If I had one complaint, it’s the use of ‘tags’ to configure how json is handled on a struct, such that it basically becomes part of the struct’s type. It can lead to a fair bit of duplication of structs whose only difference is the json handling, or otherwise a lot of boilerplate code with custom marshal/unmarshal methods. In some cases the advice is even to do parse the json into a map, do the conversion, and then serialise it again!

The case I ran into is where one API returned camelCase json but we wanted snake_case instead. Had to basically create another struct type with different json tags, rather than having something like decoders and encoders that can configure the output.

I like Go and a lot of the decisions it makes, but it has its fair share of pain points because of early decisions made in its design that results in repetitive and overly imperative code, and while that does help create code that is clear and comprehensible (mostly), it can distract attention away from the intended behaviour of the code.


As an aside, you may be interested in some of the ongoing work to improve the Go JSON serializer/deserializer:

https://pkg.go.dev/github.com/go-json-experiment/json


That’s some good news that will hopefully smooth json handling out.


You could wrap it in another struct and use a custom MarshalJSON implementation.

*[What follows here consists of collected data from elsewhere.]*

lemma CARD_le_trank:
  fixes M :: "'n::finite \<Rightarrow> 'n \<Rightarrow> 'n jet_fun"
  assumes "inj \<pi>" and "\<And>i. M i (\<pi> i) \<noteq> (\<lambda>_ _. 0)"
  shows "CARD('n) \<le> trank M"
proof -
  define S where "S = range (\<lambda>i. (i, \<pi> i))"
  define T where "T = {card S | S. (\<forall>(i, j)\<in>S. M i j \<noteq> (\<lambda>_ _. 0)) \<and> inj_on fst S \<and> inj_on snd S}"
  have "card S \<in> T"
    using assms unfolding S_def T_def by (auto simp: inj_on_def inj_def)
  moreover have "finite T"
    unfolding T_def by (rule finite_subset[of _ "card ` Pow UNIV"]) auto
  moreover have "card S = CARD('n)"
    unfolding S_def by (rule card_image) (simp add: inj_on_def)
  ultimately show ?thesis unfolding trank_def T_def[symmetric] by (metis Max_ge)
qed

section \<open>Functions on jet space\<close>

lemma jupd_same [simp]: "jupd Y l j (Y l j) = Y"
  unfolding jupd_def by auto

lemma jupd_at [simp]: "jupd Y l j s l j = s"
  unfolding jupd_def by simp

lemma jupd_apply: "jupd Y l j s l' j' = (if l' = l \<and> j' = j then s else Y l' j')"
  unfolding jupd_def by auto

lemma jupd_jupd_same [simp]: "jupd (jupd Y l j s) l j s' = jupd Y l j s'"
  unfolding jupd_def by auto

lemma jupd_commute:
  "(l, j) \<noteq> (l', j') \<Longrightarrow> jupd (jupd Y l j s) l' j' s' = jupd (jupd Y l' j' s') l j s"
  unfolding jupd_def by (auto simp: fun_eq_iff)

definition jet_indep :: "'n jet_fun \<Rightarrow> 'n \<Rightarrow> nat \<Rightarrow> bool" where
  "jet_indep g j l \<longleftrightarrow> (\<forall>Y t s. g (jupd Y l j s) t = g Y t)"

lemma pdx_eq_0_if_jet_indep: "jet_indep g j l \<Longrightarrow> pdx g j l Y t = 0"
  unfolding jet_indep_def pdx_def by simp

lemma jet_indep_pdx:
  assumes "jet_indep g j l"
  shows "jet_indep (pdx g j' l') j l"
  unfolding jet_indep_def
proof (intro allI)
  fix Y t s
  show "pdx g j' l' (jupd Y l j s) t = pdx g j' l' Y t"
  proof (cases "(l, j) = (l', j')")
    case True
    then show ?thesis using pdx_eq_0_if_jet_indep[OF assms] by auto
  next
    case False
    then have "g (jupd (jupd Y l j s) l' j' s') t = g (jupd Y l' j' s') t" for s'
      using assms unfolding jet_indep_def by (metis jupd_commute)
    moreover have "jupd Y l j s l' j' = Y l' j'" using False by (auto simp: jupd_apply)
    ultimately show ?thesis unfolding pdx_def by simp
  qed
qed
theorem theorem4p4:
  fixes m :: nat and z0 :: complex
  assumes "m \<ge> 1"
    and "poly (descent_poly {m}) z0 = 0"
  shows "cmod z0 \<le> of_nat m \<and> Re z0 \<ge> -1"
proof -
  have "norm (z0 gchoose m) = 1"
    using assms by (simp add: poly_descent_poly_singleton)
  then show ?thesis
    using one_less_norm_gchoose_if_norm_gt[OF assms(1), of z0]
      one_less_norm_gchoose_if_Re_lt[OF assms(1), of z0]
    by linarith
qed

end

    var res map[string]any
    err := json.Unmarshal(&res)


Uh huh....and what comes next?

Trying to descend more than a couple of layers into a GoLang JSON object is a mess of casts.


Well, one used to have https://github.com/mitchellh/mapstructure which assisted here, but the lib then got abandoned.



The same things that happens in JS or python.

If you get a key wrong it throws (panics in go)


I wasn't talking about getting the keys wrong, but rather the insane verbosity of GoLang - `myVariable := retrievedObject.(map[string]interface{})["firstLevelKey"].(map[string]interface{})["secondLevelKey"].(string)` vs. `myVariable = retrievedObject["firstLevelKey"]["secondLevelKey"]`

"Oh, but that's just how it is in strongly-typed languages" - that may well be true, but we're comparing "JS or python" with GoLang here.


Especially when you're not certain of the type used for numbers.